The first set of prompts was created lacking any specific prompt engineering techniques. The prompt for requirements was the following: “Create a software requirements specification from the provided elicitation data.” The prompt for user stories was the same as that for requirements except “a complete set of user stories” replaced “a software requirements specification.” A similar substitution was applied to use cases.

3.3. Prompt Engineering

The second set of prompts was created by leveraging best practices identified in the literature. These prompts emphasize specificity (task, interfaces, and constraints) and context. The prompt to generate use cases was as follows: “You are a requirements engineer. You are known for being thorough and detailed in your analysis of elicitation data. Your task is to create a Product Backlog consisting of a complete set of user stories from the provided data. Each user story must describe the system functionality from the user’s perspective in the form: ‘As a [user], I want [functionality] so that [benefit].’ As you review the elicitation data, identify the users, the anticipated benefits, and the functionality required to deliver those benefits. Begin with epic user stories and then subdivide them into large, medium, and eventually small stories. When finished, the set of small user stories must comprehensively cover all user needs as specified in the elicitation data.”

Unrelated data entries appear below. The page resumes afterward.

(* B_n(s,2,1) is the reverse Bessel polynomial theta_n(s) = sum_j (2n-j)!/(j!(n-j)!) s^j, which obeys
   theta_(n+2) = (4n+6) theta_(n+1) + s^2 theta_n. At s = iy this recurrence has real coefficients,
   so |theta_(n+2)|^2 and 2 Re (theta_(n+2) cnj theta_(n+1)) are real combinations of |theta_(n+1)|^2,
   |theta_n|^2 and 2 Re (theta_(n+1) cnj theta_n). Explicit polynomials F_n satisfy the matching
   recurrences, and induction gives |theta_n(iy)|^2 = F_n(y^2), with cross term 4 F_(n+1)'(y^2).
   Budak's function is a quotient of two such values, normalised by theta_n(0) = (2n)!/n!. *)

lemma fact_mult_falling_fact_of_nat_add:
  "fact a * falling_fact (of_nat a + of_nat k) k = (fact (a + k) :: complex)"
proof (induction k)
  case 0
  then show ?case by (simp add: falling_fact_def)
next
  case (Suc k)
  have "falling_fact (of_nat a + of_nat (Suc k)) (Suc k)
      = of_nat (Suc (a + k)) * falling_fact (of_nat a + of_nat k) k"
    unfolding falling_fact_def by (subst prod.lessThan_Suc_shift) (simp add: algebra_simps)
  then have "fact a * falling_fact (of_nat a + of_nat (Suc k)) (Suc k)
      = of_nat (Suc (a + k)) * (fact a * falling_fact (of_nat a + of_nat k) k)"
    by (simp only: mult.left_commute)
  then show ?case using Suc by (simp only: add_Suc_right fact_Suc of_nat_mult)
qed

definition rbessel_coeff :: "nat \<Rightarrow> nat \<Rightarrow> real" where
  "rbessel_coeff n j = real (n choose j) * fact (2*n - j) / fact n"

definition rbessel :: "nat \<Rightarrow> complex poly" where
  "rbessel n = (\<Sum>j=0..n. monom (of_real (rbessel_coeff n j)) j)"

lemma rbessel_coeff_eq:
  "j \<le> n \<Longrightarrow> rbessel_coeff n j = fact (2*n - j) / (fact j * fact (n-j))"
  by (simp add: rbessel_coeff_def binomial_fact)

lemma rbessel_coeff_eq_0: "n < j \<Longrightarrow> rbessel_coeff n j = 0"
  by (simp add: rbessel_coeff_def)

lemma coeff_rbessel: "coeff (rbessel n) j = of_real (rbessel_coeff n j)"
  by (auto simp: rbessel_def coeff_sum rbessel_coeff_eq_0)

lemma poly_rbessel: "poly (rbessel n) s = (\<Sum>j=0..n. of_real (rbessel_coeff n j) * s ^ j)"
  by (simp add: rbessel_def poly_sum poly_monom)

lemma bessel_gen_eq_poly_rbessel: "bessel_gen n s 2 1 = poly (rbessel n) s"
proof -
  have "bessel_gen n s 2 1 =
      (\<Sum>k=0..n. of_nat (n choose k) * falling_fact (of_nat n + of_nat k) k * s ^ (n - k))"
    unfolding bessel_gen_def by simp
  also have "\<dots> =
      (\<Sum>j=0..n. of_nat (n choose (n-j)) * falling_fact (of_nat n + of_nat (n-j)) (n-j) * s ^ (n - (n-j)))"
    by (subst sum.atLeastAtMost_rev) simp
  also have "\<dots> = (\<Sum>j=0..n. of_real (rbessel_coeff n j) * s ^ j)"
  proof (rule sum.cong[OF refl])
    fix j assume "j \<in> {0..n}"
    then have "n + (n-j) = 2*n - j" "n choose (n-j) = n choose j" "n - (n-j) = j"
      by (auto simp: binomial_symmetric[symmetric])
    moreover have "falling_fact (of_nat n + of_nat (n-j)) (n-j) = (fact (n + (n-j)) / fact n :: complex)"
      using fact_mult_falling_fact_of_nat_add[of n "n-j"] by (simp add: field_simps)
    ultimately show "of_nat (n choose (n-j)) * falling_fact (of_nat n + of_nat (n-j)) (n-j) * s ^ (n - (n-j))
        = of_real (rbessel_coeff n j) * s ^ j"
      by (simp add: rbessel_coeff_def)
  qed
  finally show ?thesis by (simp add: poly_rbessel)
qed
lemma cl_mult_eq:
  "cl_mult n u v U = (if U \<in> Pow {..n}
     then \<Sum>S\<in>Pow {..n}. cl_sign S (symdiff S U) * u S * v (symdiff S U) else 0)"
proof -
  have inner: "(\<Sum>T\<in>Pow {..n}. if symdiff S T = U then cl_sign S T * u S * v T else 0)
      = (if symdiff S U \<in> Pow {..n} then cl_sign S (symdiff S U) * u S * v (symdiff S U) else 0)"
    for S
  proof -
    have "(\<Sum>T\<in>Pow {..n}. if symdiff S T = U then cl_sign S T * u S * v T else 0)
        = (\<Sum>T\<in>Pow {..n}. if T = symdiff S U then cl_sign S T * u S * v T else 0)"
      by (rule sum.cong) auto
    then show ?thesis by (simp del: Pow_iff)
  qed
  show ?thesis
  proof (cases "U \<in> Pow {..n}")
    case True
    then have "\<forall>S\<in>Pow {..n}. symdiff S U \<in> Pow {..n}" by auto
    with True show ?thesis unfolding cl_mult_def inner by (simp del: Pow_iff)
  next
    case False
    then have "\<forall>S\<in>Pow {..n}. symdiff S U \<notin> Pow {..n}" by auto
    with False show ?thesis unfolding cl_mult_def inner by (simp del: Pow_iff)
  qed
qed

lemma cl_mult_in_cl_elems: "cl_mult n u v \<in> cl_elems n"
  by (auto simp: cl_elems_def cl_mult_eq)

lemma cl_basis_in_cl_elems: "S \<in> Pow {..n} \<Longrightarrow> cl_basis S \<in> cl_elems n"
  by (auto simp: cl_basis_def cl_elems_def)

lemma cl_mult_sum_left:
  "cl_mult n (\<lambda>U. \<Sum>k\<in>K. a k * f k U) w V = (\<Sum>k\<in>K. a k * cl_mult n (f k) w V)"
  by (simp add: cl_mult_eq sum_distrib_left sum_distrib_right algebra_simps sum.swap[of _ K]
      del: Pow_iff)

lemma cl_mult_sum_right:
  "cl_mult n w (\<lambda>U. \<Sum>k\<in>K. a k * f k U) V = (\<Sum>k\<in>K. a k * cl_mult n w (f k) V)"
  by (simp add: cl_mult_eq sum_distrib_left sum_distrib_right algebra_simps sum.swap[of _ K]
      del: Pow_iff)

lemma cl_mult_lincomb_left:
  "cl_mult n (\<lambda>U. a * f U + b * g U) w V = a * cl_mult n f w V + b * cl_mult n g w V"
  by (simp add: cl_mult_eq sum.distrib sum_distrib_left algebra_simps del: Pow_iff)

lemma cl_mult_lincomb_right:
  "cl_mult n w (\<lambda>U. a * f U + b * g U) V = a * cl_mult n w f V + b * cl_mult n w g V"
  by (simp add: cl_mult_eq sum.distrib sum_distrib_left algebra_simps del: Pow_iff)

lemma cl_mult_zero_left: "cl_mult n (\<lambda>U. 0) w = (\<lambda>U. 0)"
  by (rule ext) (simp add: cl_mult_eq del: Pow_iff)

lemma cl_mult_zero_right: "cl_mult n w (\<lambda>U. 0) = (\<lambda>U. 0)"
  by (rule ext) (simp add: cl_mult_eq del: Pow_iff)

lemma cl_mult_basis_left:
  assumes "A \<in> Pow {..n}"
  shows "cl_mult n (cl_basis A) w U =
    (if U \<in> Pow {..n} then cl_sign A (symdiff A U) * w (symdiff A U) else 0)"
  using assms
  by (simp add: cl_mult_eq cl_basis_def if_distrib[of "\<lambda>z. z * _"] if_distrib[of "\<lambda>z. _ * z"]
      cong: if_cong del: Pow_iff)

lemma cl_mult_expand_left:
  "cl_mult n u v = (\<lambda>V. \<Sum>S\<in>Pow {..n}. u S * cl_mult n (cl_basis S) v V)"
proof
  fix V
  have "(\<Sum>S\<in>Pow {..n}. u S * cl_mult n (cl_basis S) v V)
      = (\<Sum>S\<in>Pow {..n}. u S * (if V \<in> Pow {..n} then cl_sign S (symdiff S V) * v (symdiff S V) else 0))"
    by (intro sum.cong refl) (simp add: cl_mult_basis_left del: Pow_iff)
  then show "cl_mult n u v V = (\<Sum>S\<in>Pow {..n}. u S * cl_mult n (cl_basis S) v V)"
    by (simp add: cl_mult_eq algebra_simps del: Pow_iff)
qed

lemma cl_mult_one_left: "w \<in> cl_elems n \<Longrightarrow> cl_mult n (cl_basis {}) w = w"
  by (auto simp: cl_mult_basis_left cl_sign_def cl_elems_def)

lemma cl_mult_assoc: "cl_mult n (cl_mult n u v) w = cl_mult n u (cl_mult n v w)"
proof
  fix U
  show "cl_mult n (cl_mult n u v) w U = cl_mult n u (cl_mult n v w) U"
  proof (cases "U \<in> Pow {..n}")
    case False
    then show ?thesis by (simp add: cl_mult_eq del: Pow_iff)
  next
    case U: True
    have "cl_mult n (cl_mult n u v) w U =
       (\<Sum>A\<in>Pow {..n}. \<Sum>S\<in>Pow {..n}.
          cl_sign A (symdiff A U) * cl_sign S (symdiff S A) * u S * v (symdiff S A) * w (symdiff A U))"
      using U by (simp add: cl_mult_eq sum_distrib_left sum_distrib_right algebra_simps
          del: Pow_iff cong: if_cong)
    also have "\<dots> = (\<Sum>S\<in>Pow {..n}. \<Sum>A\<in>Pow {..n}.
          cl_sign A (symdiff A U) * cl_sign S (symdiff S A) * u S * v (symdiff S A) * w (symdiff A U))"
      by (rule sum.swap)
    also have "\<dots> = (\<Sum>S\<in>Pow {..n}. \<Sum>T\<in>Pow {..n}.
          cl_sign (symdiff S T) (symdiff (symdiff S T) U) * cl_sign S T * u S * v T
            * w (symdiff (symdiff S T) U))"
    proof (rule sum.cong[OF refl])
      fix S assume S: "S \<in> Pow {..n}"
      show "(\<Sum>A\<in>Pow {..n}. cl_sign A (symdiff A U) * cl_sign S (symdiff S A) * u S
            * v (symdiff S A) * w (symdiff A U))
          = (\<Sum>T\<in>Pow {..n}. cl_sign (symdiff S T) (symdiff (symdiff S T) U) * cl_sign S T * u S
            * v T * w (symdiff (symdiff S T) U))"
        by (subst sum_Pow_symdiff_reindex[OF S]) (simp only: symdiff_symdiff_cancel)
    qed
    also have "\<dots> = (\<Sum>S\<in>Pow {..n}. \<Sum>T\<in>Pow {..n}.
          cl_sign S (symdiff S U) * cl_sign T (symdiff T (symdiff S U)) * u S * v T
            * w (symdiff T (symdiff S U)))"
    proof (intro sum.cong refl)
      fix S T assume "S \<in> Pow {..n}" "T \<in> Pow {..n}"
      then have fin: "finite S" "finite T" "finite U"
        using U finite_of_Pow_atMost by blast+
      have e: "symdiff (symdiff S T) U = symdiff T (symdiff S U)" by blast
      show "cl_sign (symdiff S T) (symdiff (symdiff S T) U) * cl_sign S T * u S * v T
            * w (symdiff (symdiff S T) U)
          = cl_sign S (symdiff S U) * cl_sign T (symdiff T (symdiff S U)) * u S * v T
            * w (symdiff T (symdiff S U))"
        using cl_sign_cocycle[OF fin] unfolding e by simp
    qed
    also have "\<dots> = (\<Sum>S\<in>Pow {..n}. cl_sign S (symdiff S U) * u S *
        (\<Sum>T\<in>Pow {..n}. cl_sign T (symdiff T (symdiff S U)) * v T * w (symdiff T (symdiff S U))))"
      by (simp add: sum_distrib_left algebra_simps)
    also have "\<dots> = cl_mult n u (cl_mult n v w) U"
      using U by (simp add: cl_mult_eq[of n u] cl_mult_eq[of n v w] symdiff_in_Pow del: Pow_iff)
    finally show ?thesis .
  qed
qed

section \<open>The trace form and the coordinate inner product\<close>

definition cl_inner :: "nat \<Rightarrow> cl \<Rightarrow> cl \<Rightarrow> real" where
  "cl_inner n u v = (\<Sum>S\<in>Pow {..n}. u S * v S)"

The prompt to generate user stories was as follows: “You are a requirements engineer. You are known for being thorough and detailed in your analysis of elicitation data. Your task is to create a Product Backlog consisting of a complete set of User Stories from provided data. Each user story will describe the system functionality from the user’s perspective. Each user story will be in the form of ‘as a [user], I want [functionality] so that [benefit].’ As you look through the elicitation data, identify the users, the benefit the user anticipates, and the functionality that will deliver the user this benefit. Start with epic user stories and then sub-divide them into large, then medium, and eventually small. When finished, the SRS must comprehensively cover all user needs as specified in the elicitation data.”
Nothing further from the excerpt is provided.